(Data extract Opens)

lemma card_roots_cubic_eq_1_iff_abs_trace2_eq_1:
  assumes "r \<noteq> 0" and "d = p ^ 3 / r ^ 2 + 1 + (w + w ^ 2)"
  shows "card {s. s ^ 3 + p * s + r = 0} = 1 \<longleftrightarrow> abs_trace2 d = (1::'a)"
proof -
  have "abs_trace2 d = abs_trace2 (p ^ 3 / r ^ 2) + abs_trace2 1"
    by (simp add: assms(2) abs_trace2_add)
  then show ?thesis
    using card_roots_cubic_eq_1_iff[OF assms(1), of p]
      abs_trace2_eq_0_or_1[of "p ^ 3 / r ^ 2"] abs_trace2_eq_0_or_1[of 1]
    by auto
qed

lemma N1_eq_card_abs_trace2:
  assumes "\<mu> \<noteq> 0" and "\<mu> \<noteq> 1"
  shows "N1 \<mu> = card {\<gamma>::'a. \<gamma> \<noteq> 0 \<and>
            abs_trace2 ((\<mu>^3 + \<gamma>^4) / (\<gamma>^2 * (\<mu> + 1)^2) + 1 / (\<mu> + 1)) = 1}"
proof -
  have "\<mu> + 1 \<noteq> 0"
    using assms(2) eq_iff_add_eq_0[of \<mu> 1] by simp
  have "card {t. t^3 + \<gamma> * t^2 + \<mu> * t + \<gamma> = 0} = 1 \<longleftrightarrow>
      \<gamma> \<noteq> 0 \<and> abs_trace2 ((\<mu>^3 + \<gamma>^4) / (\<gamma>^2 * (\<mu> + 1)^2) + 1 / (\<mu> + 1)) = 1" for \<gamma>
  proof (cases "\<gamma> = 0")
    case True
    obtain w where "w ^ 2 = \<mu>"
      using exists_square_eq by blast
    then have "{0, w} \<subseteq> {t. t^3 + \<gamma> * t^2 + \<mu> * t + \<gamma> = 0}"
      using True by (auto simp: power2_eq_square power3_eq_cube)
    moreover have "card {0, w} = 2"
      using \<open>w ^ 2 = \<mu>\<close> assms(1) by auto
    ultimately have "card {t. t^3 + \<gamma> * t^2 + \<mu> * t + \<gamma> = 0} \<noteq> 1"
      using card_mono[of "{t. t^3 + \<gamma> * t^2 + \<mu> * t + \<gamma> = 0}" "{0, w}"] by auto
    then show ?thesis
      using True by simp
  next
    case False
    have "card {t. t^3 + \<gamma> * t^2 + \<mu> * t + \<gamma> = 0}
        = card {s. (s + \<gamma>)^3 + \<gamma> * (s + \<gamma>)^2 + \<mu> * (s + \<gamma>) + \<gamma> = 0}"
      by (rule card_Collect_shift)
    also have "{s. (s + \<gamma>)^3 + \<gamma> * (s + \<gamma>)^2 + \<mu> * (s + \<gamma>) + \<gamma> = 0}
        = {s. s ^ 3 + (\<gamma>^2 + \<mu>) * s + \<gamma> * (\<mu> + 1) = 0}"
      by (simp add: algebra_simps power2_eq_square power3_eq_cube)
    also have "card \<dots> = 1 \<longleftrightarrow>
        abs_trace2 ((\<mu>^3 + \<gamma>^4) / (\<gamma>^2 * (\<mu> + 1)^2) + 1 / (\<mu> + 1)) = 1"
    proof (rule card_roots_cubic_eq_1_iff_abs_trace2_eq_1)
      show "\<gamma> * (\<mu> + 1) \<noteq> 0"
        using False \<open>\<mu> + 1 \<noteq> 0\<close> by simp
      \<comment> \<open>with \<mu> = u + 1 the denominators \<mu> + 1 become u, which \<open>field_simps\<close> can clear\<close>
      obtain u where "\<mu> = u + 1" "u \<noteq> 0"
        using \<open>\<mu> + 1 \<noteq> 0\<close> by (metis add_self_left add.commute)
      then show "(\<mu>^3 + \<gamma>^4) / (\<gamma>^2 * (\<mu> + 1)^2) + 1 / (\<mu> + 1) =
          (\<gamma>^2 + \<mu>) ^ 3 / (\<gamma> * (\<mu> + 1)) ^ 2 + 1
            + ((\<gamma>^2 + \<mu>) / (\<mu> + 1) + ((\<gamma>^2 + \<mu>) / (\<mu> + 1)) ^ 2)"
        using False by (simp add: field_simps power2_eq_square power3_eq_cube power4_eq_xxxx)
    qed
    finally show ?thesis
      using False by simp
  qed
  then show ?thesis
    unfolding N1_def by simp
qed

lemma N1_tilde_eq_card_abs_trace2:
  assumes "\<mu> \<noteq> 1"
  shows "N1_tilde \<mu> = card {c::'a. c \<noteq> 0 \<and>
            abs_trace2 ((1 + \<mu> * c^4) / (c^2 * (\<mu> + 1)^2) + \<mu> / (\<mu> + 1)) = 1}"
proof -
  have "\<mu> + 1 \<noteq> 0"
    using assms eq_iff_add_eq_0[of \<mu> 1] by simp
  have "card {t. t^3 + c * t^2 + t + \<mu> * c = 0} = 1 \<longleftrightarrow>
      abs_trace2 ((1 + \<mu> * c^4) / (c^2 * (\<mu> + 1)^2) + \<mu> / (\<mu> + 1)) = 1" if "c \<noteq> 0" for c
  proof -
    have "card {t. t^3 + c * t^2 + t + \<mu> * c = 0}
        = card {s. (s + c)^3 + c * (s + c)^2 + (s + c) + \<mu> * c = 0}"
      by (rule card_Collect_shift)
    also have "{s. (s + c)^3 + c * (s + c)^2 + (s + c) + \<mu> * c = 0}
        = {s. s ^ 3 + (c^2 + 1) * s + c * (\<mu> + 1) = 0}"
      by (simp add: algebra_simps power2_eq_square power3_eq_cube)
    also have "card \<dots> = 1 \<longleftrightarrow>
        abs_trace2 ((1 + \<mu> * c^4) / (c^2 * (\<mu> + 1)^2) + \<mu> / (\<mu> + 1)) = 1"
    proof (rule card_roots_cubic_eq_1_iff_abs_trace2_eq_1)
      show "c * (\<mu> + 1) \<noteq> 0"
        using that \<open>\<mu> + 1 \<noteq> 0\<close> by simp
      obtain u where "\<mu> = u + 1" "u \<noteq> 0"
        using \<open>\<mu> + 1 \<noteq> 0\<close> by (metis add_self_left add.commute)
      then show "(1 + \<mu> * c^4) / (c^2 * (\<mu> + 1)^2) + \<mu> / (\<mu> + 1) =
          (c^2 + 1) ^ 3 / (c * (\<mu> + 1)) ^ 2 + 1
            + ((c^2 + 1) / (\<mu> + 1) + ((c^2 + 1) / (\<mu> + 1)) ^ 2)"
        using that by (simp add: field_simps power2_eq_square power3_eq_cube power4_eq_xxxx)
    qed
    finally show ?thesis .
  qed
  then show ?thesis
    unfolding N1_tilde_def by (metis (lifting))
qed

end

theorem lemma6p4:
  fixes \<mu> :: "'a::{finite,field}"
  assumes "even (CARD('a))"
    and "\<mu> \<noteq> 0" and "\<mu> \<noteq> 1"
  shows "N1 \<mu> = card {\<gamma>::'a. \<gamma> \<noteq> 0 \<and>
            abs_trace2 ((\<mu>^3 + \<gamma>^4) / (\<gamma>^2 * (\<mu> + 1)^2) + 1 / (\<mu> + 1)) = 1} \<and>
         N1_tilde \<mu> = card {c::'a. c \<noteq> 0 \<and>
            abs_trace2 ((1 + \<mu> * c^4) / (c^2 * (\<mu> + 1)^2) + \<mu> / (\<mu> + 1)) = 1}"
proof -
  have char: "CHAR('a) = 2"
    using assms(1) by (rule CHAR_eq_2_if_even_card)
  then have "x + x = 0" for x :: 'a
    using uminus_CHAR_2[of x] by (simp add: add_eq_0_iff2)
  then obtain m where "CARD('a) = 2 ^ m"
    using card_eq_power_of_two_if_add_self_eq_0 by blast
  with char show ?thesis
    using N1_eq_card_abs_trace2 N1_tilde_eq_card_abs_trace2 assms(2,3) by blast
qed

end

(Data extract Closes)

◆ **Activity**: State how many lines of the data above contain the string "True", leaving out everything but the number.

◆ **Final answer**: 3